There is still a lot of complexity being hidden here. Most of these clusters still contain several hundred users, and, as with the main summary network, some smaller clusters have been pruned. You could dig into this all day, but I’ll just make some brief observations.
Firstly, it’s clear that there is a mixture of mainstream and more radical conservative voices here. The more radical voices, such as risupmelbourne and Avi Yemini, are largely clustered in the top part of the network, while in the lower half, we find clusters featuring Sophie Elsworth (the national personal finance writer for Newscorp), 7News Melbourne, and even Victoria’s anti-corruption agency, the IBAC. The 7News Melbourne+ cluster at the centre of the network contains several mainstream news outlets, including the Herald Sun, The Australian, and the Sunrise television program. Its central position in the network is interesting, as it suggests that these mainstream outlets are a common point of reference for both moderate and radical conservative actors.
Also interesting is that Sophie Elsworth, although a columnist for mainstream news outlets, stands apart from the 7News Melbourne+ cluster. The popup information for the Sophie Elsworth+ cluster suggests that its 1,214 users include few journalists or news organisations. Indeed, the top profile terms do not hint at any particular professions (but they do include the word retired).
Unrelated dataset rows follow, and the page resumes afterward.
(* Let $X,Y$ be uniform spaces and $f\colon X\to Y$ a function generating the uniform structure on $Y$. Then $f$ is a uniform covering map if and only if (a) $f$ has the chain lifting property and (b) $f$ has the uniqueness of chain lifts property.
   Context: Notation: entourages are symmetric and contain the diagonal; $B(x,E)=\{y:(x,y)\in E\}$; $f(E)=\{(f(x),f(y)):(x,y)\in E\}$. A surjection $f\colon X\to Y$ generates the uniform structure on $Y$ if $\{f(E)\}$ ($E$ entourage of $X$) is a base of the uniform structure of $Y$. The Rips complex $R(X,E)$ is the simplicial complex with vertex set $X$ whose simplices are finite $F\subset X$ with $F\times F\subset E$; $f_E\colon R(X,E)\to R(Y,f(E))$ is the induced simplicial map. $f$ is a uniform covering map if it generates the uniform structure on $Y$ and the entourages $E$ of $X$ for which $f_E$ is a topological covering map form a base of $X$. An $E$-chain is a sequence $x_0,\dots,x_n$ with $(x_i,x_{i+1})\in E$. $f$ has the chain lifting property if for every entourage $E$ of $X$ there is an entourage $F$ of $X$ such that every $f(F)$-chain in $Y$ starting at $f(x_0)$ lifts (via $f$) to an $E$-chain in $X$ starting at $x_0$, for every $x_0\in X$. $f$ has the uniqueness of chain lifts property if for every entourage $E$ there is an entourage $F$ such that any two $F$-chains with common origin and identical images under $f$ are equal. *)

theory Defs
  imports "HOL-Analysis.Analysis"
begin

definition entourage :: "('a::uniform_space \<times> 'a) set \<Rightarrow> bool" where
  "entourage E \<longleftrightarrow> sym E \<and> Id \<subseteq> E \<and> eventually (\<lambda>p. p \<in> E) uniformity"

definition pimage :: "('a \<Rightarrow> 'b) \<Rightarrow> ('a \<times> 'a) set \<Rightarrow> ('b \<times> 'b) set" where
  "pimage f E = (\<lambda>(x, y). (f x, f y)) ` E"

definition generates_uniformity :: "('a::uniform_space \<Rightarrow> 'b::uniform_space) \<Rightarrow> bool" where
  "generates_uniformity f \<longleftrightarrow> surj f \<and>
     (\<forall>E. entourage E \<longrightarrow> entourage (pimage f E)) \<and>
     (\<forall>D. entourage D \<longrightarrow> (\<exists>E. entourage E \<and> pimage f E \<subseteq> D))"

definition rips_simplices :: "('a \<times> 'a) set \<Rightarrow> 'a set set" where
  "rips_simplices E = {F. finite F \<and> F \<noteq> {} \<and> F \<times> F \<subseteq> E}"

text \<open>Closed geometric simplex spanned by a finite vertex set, as barycentric coordinate functions.\<close>
definition closed_simplex :: "'a set \<Rightarrow> ('a \<Rightarrow> real) set" where
  "closed_simplex \<sigma> = {\<alpha>. (\<forall>v. 0 \<le> \<alpha> v) \<and> (\<forall>v. v \<notin> \<sigma> \<longrightarrow> \<alpha> v = 0) \<and> sum \<alpha> \<sigma> = 1}"

definition realization_carrier :: "'a set set \<Rightarrow> ('a \<Rightarrow> real) set" where
  "realization_carrier K = (\<Union>\<sigma>\<in>K. closed_simplex \<sigma>)"

text \<open>Geometric realization with the weak (Whitehead) topology: a set is open iff its
  trace on every closed simplex is open in the Euclidean topology of that simplex.\<close>
definition realization :: "'a set set \<Rightarrow> ('a \<Rightarrow> real) topology" where
  "realization K = topology (\<lambda>U. U \<subseteq> realization_carrier K \<and>
     (\<forall>\<sigma>\<in>K. openin (subtopology (powertop_real UNIV) (closed_simplex \<sigma>)) (U \<inter> closed_simplex \<sigma>)))"

definition rips :: "('a \<times> 'a) set \<Rightarrow> ('a \<Rightarrow> real) topology" where
  "rips E = realization (rips_simplices E)"

text \<open>Affine extension of a vertex map to the realizations.\<close>
definition push :: "('a \<Rightarrow> 'b) \<Rightarrow> ('a \<Rightarrow> real) \<Rightarrow> ('b \<Rightarrow> real)" where
  "push f \<alpha> = (\<lambda>w. \<Sum>v\<in>{v. f v = w \<and> \<alpha> v \<noteq> 0}. \<alpha> v)"
text \<open>The derivative along the vector field of the nonlinearized system; along a solution every jet
  of \<open>q\<close> and \<open>r\<close> is therefore a polynomial in the phase-space coordinates.  Only coordinates with
  \<open>i \<in> {1..3}\<close> and \<open>j \<in> {1..N}\<close> are governed by \<^const>\<open>solves\<close>, hence \<^const>\<open>pvars_in\<close>.\<close>
fun lie_deriv :: "nat \<Rightarrow> (nat \<Rightarrow> real) \<Rightarrow> (nat \<Rightarrow> real) \<Rightarrow> pexpr \<Rightarrow> pexpr" where
  "lie_deriv N lam mu (PConst c) = PConst 0"
| "lie_deriv N lam mu (Phi i j) = psum (\<lambda>k. PMul (U_pexpr N lam mu j i k) (Phi k j)) 3"
| "lie_deriv N lam mu (Psi i j) =
     PMul (PConst (-1)) (psum (\<lambda>k. PMul (U_pexpr N lam mu j k i) (Psi k j)) 3)"
| "lie_deriv N lam mu (PAdd e1 e2) = PAdd (lie_deriv N lam mu e1) (lie_deriv N lam mu e2)"
| "lie_deriv N lam mu (PMul e1 e2) =
     PAdd (PMul (lie_deriv N lam mu e1) e2) (PMul e1 (lie_deriv N lam mu e2))"

lemma pvars_in_lie_deriv: "pvars_in N e \<Longrightarrow> pvars_in N (lie_deriv N lam mu e)"
  by (induct e) (auto simp: pvars_in_U_pexpr intro!: pvars_in_psum)

lemma pvars_in_lie_deriv_funpow: "pvars_in N e \<Longrightarrow> pvars_in N ((lie_deriv N lam mu ^^ k) e)"
  by (induct k) (auto simp: pvars_in_lie_deriv)

lemma peval_has_real_derivative:
  assumes sol: "solves N lam mu I phi psi" and x: "x \<in> I" and "pvars_in N e"
  shows "((\<lambda>t. peval e (phi t) (psi t)) has_real_derivative
           peval (lie_deriv N lam mu e) (phi x) (psi x)) (at x)"
  using \<open>pvars_in N e\<close>
proof (induction e)
  case (Phi i j)
  then show ?case
    using sol x by (simp add: solves_def)
next
  case (Psi i j)
  then show ?case
    using sol x by (simp add: solves_def)
qed (auto intro!: derivative_eq_intros simp: algebra_simps)
lemma qbinom_eq_0: "M < k \<Longrightarrow> qbinom a M k = 0"
proof (induction M arbitrary: k)
  case (Suc M)
  then obtain k' where "k = Suc k'" by (cases k) auto
  with Suc show ?case by simp
qed simp

lemma qbinom_diag [simp]: "qbinom a M M = 1"
  by (induction M) (auto simp: qbinom_eq_0)

lemma rothe_q_binomial:
  fixes v w :: "'a::comm_semiring_1 fps"
  shows "(\<Prod>u<M. v + w * fps_X ^ (a * u))
    = (\<Sum>k\<le>M. w ^ k * v ^ (M - k) * fps_X ^ (a * tri k) * qbinom a M k)"
proof (induction M)
  case (Suc M)
  define R where "R = (\<Sum>k\<le>M. w ^ k * v ^ (M - k) * fps_X ^ (a * tri k) * qbinom a M k)"
  have v_part: "v ^ Suc M + (\<Sum>k\<le>M. w ^ Suc k * v ^ (M - k) * fps_X ^ (a * tri (Suc k)) * qbinom a M (Suc k))
      = R * v"
  proof -
    have "v ^ Suc M + (\<Sum>k\<le>M. w ^ Suc k * v ^ (M - k) * fps_X ^ (a * tri (Suc k)) * qbinom a M (Suc k))
        = (\<Sum>k\<le>Suc M. w ^ k * v ^ (Suc M - k) * fps_X ^ (a * tri k) * qbinom a M k)"
      by (subst sum.atMost_Suc_shift) simp
    also have "\<dots> = (\<Sum>k\<le>M. w ^ k * v ^ (Suc M - k) * fps_X ^ (a * tri k) * qbinom a M k)"
      by (simp add: qbinom_eq_0)
    also have "\<dots> = R * v"
      unfolding R_def sum_distrib_right
      by (intro sum.cong refl) (simp add: Suc_diff_le ac_simps)
    finally show ?thesis .
  qed
  have w_part: "(\<Sum>k\<le>M. w ^ Suc k * v ^ (M - k) * fps_X ^ (a * tri (Suc k)) * (fps_X ^ (a * (M - k)) * qbinom a M k))
      = R * (w * fps_X ^ (a * M))"
    unfolding R_def sum_distrib_right
  proof (intro sum.cong refl)
    fix k assume "k \<in> {..M}"
    hence "tri (Suc k) + (M - k) = tri k + M" by simp
    hence "a * tri (Suc k) + a * (M - k) = a * tri k + a * M"
      by (metis add_mult_distrib2)
    hence "fps_X ^ (a * tri (Suc k)) * fps_X ^ (a * (M - k)) = (fps_X ^ (a * tri k) * fps_X ^ (a * M) :: 'a fps)"
      by (simp only: power_add[symmetric])
    thus "w ^ Suc k * v ^ (M - k) * fps_X ^ (a * tri (Suc k)) * (fps_X ^ (a * (M - k)) * qbinom a M k)
        = w ^ k * v ^ (M - k) * fps_X ^ (a * tri k) * qbinom a M k * (w * fps_X ^ (a * M))"
      by (simp only: ac_simps power_Suc)
  qed
  have "(\<Sum>k\<le>Suc M. w ^ k * v ^ (Suc M - k) * fps_X ^ (a * tri k) * qbinom a (Suc M) k)
      = v ^ Suc M + (\<Sum>k\<le>M. w ^ Suc k * v ^ (M - k) * fps_X ^ (a * tri (Suc k)) * qbinom a (Suc M) (Suc k))"
    by (subst sum.atMost_Suc_shift) simp
  also have "\<dots> = R * v + R * (w * fps_X ^ (a * M))"
    by (simp only: qbinom.simps(3) distrib_left sum.distrib add.assoc[symmetric] v_part w_part)
  also have "\<dots> = (\<Prod>u<Suc M. v + w * fps_X ^ (a * u))"
    using Suc by (simp add: R_def distrib_left)
  finally show ?case ..
qed simp

text \<open>Modulo 2 the product \<open>\<Prod>(1 + X\<^sup>a\<^sup>m)\<close> is the \<open>q\<close>-Pochhammer symbol \<open>(q; q)\<^sub>n\<close> in \<open>q = X\<^sup>a\<close>.\<close>
definition qpoch :: "nat \<Rightarrow> nat \<Rightarrow> bfps" where
  "qpoch a n = (\<Prod>m\<in>{1..n}. 1 + fps_X ^ (a * m))"

lemma qpoch_0 [simp]: "qpoch a 0 = 1"
  by (simp add: qpoch_def)

lemma qpoch_Suc: "qpoch a (Suc n) = qpoch a n * (1 + fps_X ^ (a * Suc n))"
  by (simp add: qpoch_def mult.commute)

lemma qpoch_nth_0 [simp]: "0 < a \<Longrightarrow> qpoch a n $ 0 = 1"
  by (induction n) (simp_all add: qpoch_Suc)

lemma qbinom_qpoch: "k \<le> M \<Longrightarrow> qbinom a M k * qpoch a k * qpoch a (M - k) = qpoch a M"
proof (induction M arbitrary: k)
  case (Suc M)
  show ?case
  proof (cases k)
    case (Suc k')
    show ?thesis
    proof (cases "k' = M")
      case True thus ?thesis using Suc by (simp add: qbinom_eq_0)
    next
      case False
      hence "k' < M" using Suc Suc.prems by simp
      define d where "d = M - k'"
      define u :: bfps where "u = fps_X ^ (a * d)"
      define w :: bfps where "w = fps_X ^ (a * Suc k')"
      define x1 :: bfps where "x1 = qbinom a M (Suc k')"
      define x0 :: bfps where "x0 = qbinom a M k'"
      define p where "p = qpoch a k'"
      define q where "q = qpoch a (d - 1)"
      have "Suc (d - 1) = d" using \<open>k' < M\<close> by (simp add: d_def)
      hence d: "Suc M - Suc k' = d" "M - Suc k' = d - 1" "qpoch a d = q * (1 + u)"
        using qpoch_Suc[of a "d - 1"] by (auto simp: d_def u_def q_def)
      have IH1: "x1 * p * (1 + w) * q = qpoch a M"
        using Suc.IH[of "Suc k'"] \<open>k' < M\<close> d by (simp add: qpoch_Suc x1_def p_def w_def q_def mult.assoc)
      have IH0: "x0 * p * q * (1 + u) = qpoch a M"
        using Suc.IH[of k'] \<open>k' < M\<close> d by (simp add: x0_def p_def d_def mult.assoc)
      have "qbinom a (Suc M) k * qpoch a k * qpoch a (Suc M - k) = (x1 + u * x0) * (p * (1 + w)) * (q * (1 + u))"
        using Suc d by (simp add: x1_def x0_def p_def u_def w_def d_def qpoch_Suc)
      also have "\<dots> = (x1 * p * (1 + w) * q) * (1 + u) + u * (x0 * p * q * (1 + u)) * (1 + w)"
        by (simp add: algebra_simps)
      \<comment> \<open>the two copies of \<open>u \<cdot> qpoch a M\<close> cancel modulo 2\<close>
      also have "\<dots> = qpoch a M * (1 + u * w)"
        unfolding IH0 IH1 by (simp add: algebra_simps)
      also have "u * w = fps_X ^ (a * Suc M)"
        using \<open>k' < M\<close> by (simp add: u_def w_def d_def power_add[symmetric] algebra_simps)
      finally show ?thesis by (simp add: qpoch_Suc)
    qed
  qed simp
qed simp

lemma qpoch_split: "i \<le> j \<Longrightarrow> qpoch a j = qpoch a i * (\<Prod>m\<in>{i<..j}. 1 + fps_X ^ (a * m))"
proof -
  assume "i \<le> j"
  hence "{1..j} = {1..i} \<union> {i<..j}" by auto
  thus ?thesis unfolding qpoch_def by (simp add: prod.union_disjoint ivl_disj_int)
qed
A look at Elsworth’s recent tweets provides a possible explanation for her position within the network: her tweets, of which there are typically more than a dozen each day, are relentlessly critical of the Andrews Government, to the point that her feed resembles that of a political activist more than that of a journalist.
While these examples touch on only a fraction of the information available in the summary network visualisation for this dataset, they are sufficient to illustrate how this visualisation can help you to understand the structure and content of your dataset in quick order. To recap:
- The TweetKollidR’s network visualisation shows you the high-level structure of the user network by visualising clusters of users as nodes and showing the aggregated connections between the clusters.
- For each cluster, the visualisation provides popup information including top users, top profile terms, top tweet terms, top domains, and the most popular tweet. Every item in these lists is hyperlinked to relevant tweets and user profiles, allowing you to see curated examples of the data in its original form.
- Popup information also summarises the connections between each cluster, again providing linked examples of tweets that contribute to the connections.
- You can investigate the clusters in more detail in two ways: either through user networks for each cluster, accessible through the main visualisation; or by re-creating the summary visualisation just for the users in one or more clusters.
As the preceding examples demonstrate, the top tweet and profile terms help you to form an immediate impression of the users and content in each cluster, while the linked tweets and user profiles provide evidence with which to appraise that impression and develop a fuller understanding.
Configuring the network visualisation
The screen that allows you to create the network visualisation is shown below.
As I mentioned earlier, instructions for all of these components are conveniently available from within the workflow itself, so I won’t talk through every one of them here. I’ll acknowledge firstly that this is a somewhat unconventional configuration menu, and that it’s not organised quite as I would like. This is just the price that we have to pay for working at the limits of how Knime was designed to be used.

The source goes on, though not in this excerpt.